Another challenge in ancient microbiome community characterization is damage artefacts. Cytosine deamination and other miscoding lesions are characteristic of ancient DNA, and they are even used to detect and authenticate genuine ancient DNA sequences [146]. With sufficient depth of coverage obtained through cloning or NGS deep sequencing, these miscoding lesions can be identified and removed from conventional ancient DNA datasets, but they pose a major challenge in metagenomic analyses of microbial communities, where a single nucleotide change could represent either a damage artefact or a novel organism. Microbiomes typically contain thousands of taxa at frequencies that differ by orders of magnitude. Therefore, the depth of coverage for all but the most abundant taxa is expected to be very low, and sequence alignment cannot be used to distinguish damage from true sequence differences. In order to reduce artificial inflation of bacterial diversity due to damage, a high fidelity damage-sensitive DNA polymerase, such as Phusion Hot Start II (Thermo Scientific), can be used for NGS library generation [39]. Although damage-based ancient DNA authentication tools, such as mapDamage [146], may be incompatible with this approach, other ancient DNA authentication methods, such as testing for asymmetrical molecular behaviour on the basis of ancient DNA fragment length [147], can still be applied.

Laboratory reagent and sample crossover contamination

Low-level contamination of laboratory reagents, especially primers and dNTPs, can pose serious challenges when using universal bacterial primers. Fortunately, new protocols for reagent decontamination using a heat labile double stranded DNase [26] are highly effective, and when used consistently, these protocols largely eliminate reagent contamination as a major concern in current ancient DNA research. Moreover, because the majority of ancient microbiome DNA is bacterial in origin, amplicon-based approaches using universal bacterial primers typically require only moderate PCR cycling (30–35 cycles), again reducing reagent contamination risk.
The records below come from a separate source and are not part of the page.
(* Let $G=(U,\alpha)$ and $H=(V,\beta)$ be connected graphs. Then $G$ and $H$ are weakly disjoint if and only if their transition matrices share no eigenvalue other than $1$.
   Context: A weight function on a finite set $U$ is a map $\alpha:U\times U\to\mathbb{R}$ with $\alpha\ge 0$, $\alpha(u,u')=\alpha(u',u)$, and $\sum_{u,u'\in U}\alpha(u,u')=1$; its degree function is $p(u)=\sum_{u'\in U}\alpha(u,u')$. A graph is a pair $G=(U,\alpha)$ with $U$ finite and $\alpha$ a weight function on $U$; its edge set is $E(G)=\{(u,u'):\alpha(u,u')>0\}$ (self-loops allowed). $G$ is connected if every two distinct vertices are joined by a path of edges; $G$ is fully supported if $p(u)>0$ for all $u$. For graphs $G=(U,\alpha)$, $H=(V,\beta)$ with degree functions $p,q$, a weight joining of $\alpha$ and $\beta$ is a weight function $\gamma$ on $U\times V$ whose degree function $r(u,v)=\sum_{(u',v')}\gamma((u,v),(u',v'))$ satisfies (a) $\sum_{v}r(u,v)=p(u)$ and $\sum_u r(u,v)=q(v)$ for all $u,v$, and (b) $p(u)\sum_{\tilde v\in V}\gamma((u,v),(u',\tilde v))=\alpha(u,u')r(u,v)$ and $q(v)\sum_{\tilde u\in U}\gamma((u,v),(\tilde u,v'))=\beta(v,v')r(u,v)$ for all $u,u'\in U$, $v,v'\in V$. A graph joining of $G$ and $H$ is a graph $K=(U\times V,\gamma)$ with $\gamma$ a weight joining of $\alpha,\beta$; $\mathcal{J}(G,H)$ denotes the set of these. $G$ and $H$ are weakly disjoint if every $K\in\mathcal{J}(G,H)$ has degree function equal to $p\otimes q$, i.e. $r(u,v)=p(u)q(v)$. The transition matrix of a fully supported graph $G=(U,\alpha)$ with $U=\{u_1,\dots,u_m\}$ is the $m\times m$ matrix with entries $\alpha(u_i,u_j)/p(u_i)$. *)

theory Defs
  imports Main "Jordan_Normal_Form.Char_Poly"
begin

(* A graph is represented by a finite vertex set U :: 'a set together with a
   weight function alpha :: 'a => 'a => real; only values on U x U matter. *)

definition weight_function :: "'a set \<Rightarrow> ('a \<Rightarrow> 'a \<Rightarrow> real) \<Rightarrow> bool" where
  "weight_function U \<alpha> \<longleftrightarrow>
     (\<forall>u\<in>U. \<forall>u'\<in>U. \<alpha> u u' \<ge> 0) \<and>
     (\<forall>u\<in>U. \<forall>u'\<in>U. \<alpha> u u' = \<alpha> u' u) \<and>
     (\<Sum>u\<in>U. \<Sum>u'\<in>U. \<alpha> u u') = 1"

definition degree_fun :: "'a set \<Rightarrow> ('a \<Rightarrow> 'a \<Rightarrow> real) \<Rightarrow> 'a \<Rightarrow> real" where
  "degree_fun U \<alpha> u = (\<Sum>u'\<in>U. \<alpha> u u')"

definition is_graph :: "'a set \<Rightarrow> ('a \<Rightarrow> 'a \<Rightarrow> real) \<Rightarrow> bool" where
  "is_graph U \<alpha> \<longleftrightarrow> finite U \<and> weight_function U \<alpha>"

definition edge_rel :: "'a set \<Rightarrow> ('a \<Rightarrow> 'a \<Rightarrow> real) \<Rightarrow> 'a \<Rightarrow> 'a \<Rightarrow> bool" where
  "edge_rel U \<alpha> u u' \<longleftrightarrow> u \<in> U \<and> u' \<in> U \<and> \<alpha> u u' > 0"

definition connected_graph :: "'a set \<Rightarrow> ('a \<Rightarrow> 'a \<Rightarrow> real) \<Rightarrow> bool" where
  "connected_graph U \<alpha> \<longleftrightarrow> is_graph U \<alpha> \<and>
     (\<forall>u\<in>U. \<forall>u'\<in>U. u \<noteq> u' \<longrightarrow> (edge_rel U \<alpha>)\<^sup>*\<^sup>* u u')"

definition fully_supported :: "'a set \<Rightarrow> ('a \<Rightarrow> 'a \<Rightarrow> real) \<Rightarrow> bool" where
  "fully_supported U \<alpha> \<longleftrightarrow> (\<forall>u\<in>U. degree_fun U \<alpha> u > 0)"

definition weight_joining ::
  "'a set \<Rightarrow> ('a \<Rightarrow> 'a \<Rightarrow> real) \<Rightarrow> 'b set \<Rightarrow> ('b \<Rightarrow> 'b \<Rightarrow> real)
   \<Rightarrow> ('a \<times> 'b \<Rightarrow> 'a \<times> 'b \<Rightarrow> real) \<Rightarrow> bool" where
  "weight_joining U \<alpha> V \<beta> \<gamma> \<longleftrightarrow>
     weight_function (U \<times> V) \<gamma> \<and>
     (\<forall>u\<in>U. (\<Sum>v\<in>V. degree_fun (U \<times> V) \<gamma> (u, v)) = degree_fun U \<alpha> u) \<and>
     (\<forall>v\<in>V. (\<Sum>u\<in>U. degree_fun (U \<times> V) \<gamma> (u, v)) = degree_fun V \<beta> v) \<and>
     (\<forall>u\<in>U. \<forall>u'\<in>U. \<forall>v\<in>V. \<forall>v'\<in>V.
        degree_fun U \<alpha> u * (\<Sum>w\<in>V. \<gamma> (u, v) (u', w)) = \<alpha> u u' * degree_fun (U \<times> V) \<gamma> (u, v) \<and>
        degree_fun V \<beta> v * (\<Sum>w\<in>U. \<gamma> (u, v) (w, v')) = \<beta> v v' * degree_fun (U \<times> V) \<gamma> (u, v))"

definition graph_joinings ::
  "'a set \<Rightarrow> ('a \<Rightarrow> 'a \<Rightarrow> real) \<Rightarrow> 'b set \<Rightarrow> ('b \<Rightarrow> 'b \<Rightarrow> real)
   \<Rightarrow> ('a \<times> 'b \<Rightarrow> 'a \<times> 'b \<Rightarrow> real) set" where
  "graph_joinings U \<alpha> V \<beta> = {\<gamma>. weight_joining U \<alpha> V \<beta> \<gamma>}"

definition weakly_disjoint ::
  "'a set \<Rightarrow> ('a \<Rightarrow> 'a \<Rightarrow> real) \<Rightarrow> 'b set \<Rightarrow> ('b \<Rightarrow> 'b \<Rightarrow> real) \<Rightarrow> bool" where
  "weakly_disjoint U \<alpha> V \<beta> \<longleftrightarrow>
     (\<forall>\<gamma>\<in>graph_joinings U \<alpha> V \<beta>. \<forall>u\<in>U. \<forall>v\<in>V.
        degree_fun (U \<times> V) \<gamma> (u, v) = degree_fun U \<alpha> u * degree_fun V \<beta> v)"

definition vertex_enum :: "'a set \<Rightarrow> nat \<Rightarrow> 'a" where
  "vertex_enum U = (SOME e. bij_betw e {..<card U} U)"

definition transition_matrix :: "'a set \<Rightarrow> ('a \<Rightarrow> 'a \<Rightarrow> real) \<Rightarrow> real mat" where
  "transition_matrix U \<alpha> =
     mat (card U) (card U)
       (\<lambda>(i, j). \<alpha> (vertex_enum U i) (vertex_enum U j) / degree_fun U \<alpha> (vertex_enum U i))"

end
Finally, sample crossover contamination at commercial NGS sequencing facilities can introduce foreign DNA sequences into a dataset, and for this reason it is strongly recommended to index ancient DNA libraries with short, sample-specific barcodes prior to sequencing [148]. While commercial NGS library kits offer this indexing ability, it is important to consider that many other laboratories use these same kits, and so to reduce crossover contamination more effectively it may be preferable instead to custom order unique, or at least less common, barcode sequences.

Conclusion

We have entered a new era in palaeomicrobiology. NGS has allowed the recovery of major epidemic pathogens and elucidated the causes of historic pandemics and specific palaeopathologies. At the same time, major international initiatives to investigate the human microbiome have revealed both the importance of human-associated microbes in basic human life functions, as well as their role in a variety of acute and chronic diseases. Recent NGS-based palaeomicrobiology studies have revealed dental calculus to be an important reservoir of ancient human oral microbiomes, offering a unique opportunity to examine the links between human health, diet, lifestyle and the environment throughout the course of human evolution. Although still in its infancy, microbiome palaeomicrobiology has great potential to elucidate the dynamic and intimate relationship between humans and their microbes and to lead to a deeper understanding of the place of our ancient microbial self in the modern world.